### Records provided
- - - - -
(* If \<Gamma> does not derive \<phi>, a Lindenbaum extension of \<Gamma> is a consistent theory avoiding \<phi>, prime
   when the logic has the symmetry rules. In the canonical model the worlds are such theories, tagged
   with the theory of a predecessor, and w R v says that v is closed under modus ponens with the
   implications of w. An implication \<phi> \<rightarrow> \<psi> outside w is refuted at a maximal set that contains \<phi>
   and has no finite conjunction w-implying \<psi>; Sym2 makes this successor prime. The truth lemma then
   holds by induction on formulas, Refl, Tran and Sym1/Sym2 give the frame conditions, and the three
   Prop rules make every valuation a proposition. *)

theory Submission
  imports Defs
begin

section \<open>Derivations\<close>

lemma deriv_assm: "\<phi> \<in> \<Gamma> \<Longrightarrow> deriv L \<Gamma> \<phi>"
  using deriv.A[of L \<Gamma> \<phi>] by (simp add: insert_absorb)

lemma deriv_Top: "deriv L \<Gamma> Top"
  using deriv.Mon[OF _ deriv.Imp0[of L Bot]] by blast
- - - - -
### Description of the task
Each line from the one holding "imports Defs" through the last line of the data is to be transcribed exactly, with nothing else added.

### Answer space
  imports Defs
begin

section \<open>Derivations\<close>

lemma deriv_assm: "\<phi> \<in> \<Gamma> \<Longrightarrow> deriv L \<Gamma> \<phi>"
  using deriv.A[of L \<Gamma> \<phi>] by (simp add: insert_absorb)

lemma deriv_Top: "deriv L \<Gamma> Top"
  using deriv.Mon[OF _ deriv.Imp0[of L Bot]] by blast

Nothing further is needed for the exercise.